Exercise directions
Pull each line containing "False" out of the listing below.

>>>

text \<open>Writing the vanishing polynomial as \<open>c + t Q(t)\<close>, its constant term \<open>c\<close> is a unit and
  \<open>-c\<^sup>-\<^sup>1 Q(t)\<close> takes the value \<open>x\<^sub>j\<^sup>-\<^sup>1\<close> at every \<open>x\<^sub>j\<close>.\<close>
lemma exists_poly_eval_lpow_minus_one: "\<exists>G. \<forall>j<m. poly G (lvar j) = lpow j (-1)"
proof -
  obtain c Q where PQ: "vanishing_poly m = pCons c Q" by (cases "vanishing_poly m") auto
  have "c = poly (vanishing_poly m) 0" using PQ by simp
  then have c: "c = (\<Prod>i<m. - lvar i)" by (simp add: vanishing_poly_def poly_prod)
  define u where "u = (\<Prod>i<m. - lpow i (-1))"
  have "c * u = 1"
    unfolding c u_def prod.distrib[symmetric] by (simp add: lvar_mult_lpow_minus_one)
  have "poly (Polynomial.smult (- u) Q) (lvar j) = lpow j (-1)" if "j < m" for j
  proof -
    have "lvar j * poly Q (lvar j) = - c"
      using poly_vanishing_poly_lvar[OF that] PQ by (simp add: add_eq_0_iff)
    then have "lvar j * poly (Polynomial.smult (- u) Q) (lvar j) = lvar j * lpow j (-1)"
      using \<open>c * u = 1\<close> by (simp add: lvar_mult_lpow_minus_one algebra_simps)
    then show ?thesis using mult_left_cancel[OF lvar_nonzero] by blast
  qed
  then show ?thesis by blast
qed

lemma exists_poly_eval_lpow: "\<exists>F. \<forall>j<m. poly F (lvar j) = lpow j a"
proof (cases "a \<ge> 0")
  case True
  then have "\<forall>j<m. poly (monom 1 (nat a)) (lvar j) = lpow j a"
    by (simp add: poly_monom lpow_of_nat[symmetric])
  then show ?thesis by blast
next
  case False
  obtain G where G: "\<forall>j<m. poly G (lvar j) = lpow j (-1)"
    using exists_poly_eval_lpow_minus_one by blast
  have "a = - int (nat (- a))" using False by simp
  then have "\<forall>j<m. poly (G ^ nat (- a)) (lvar j) = lpow j a"
    using G by (metis poly_power lpow_neg_of_nat)
  then show ?thesis by blast
qed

<<<

Your response
  case False
  have "a = - int (nat (- a))" using False by simp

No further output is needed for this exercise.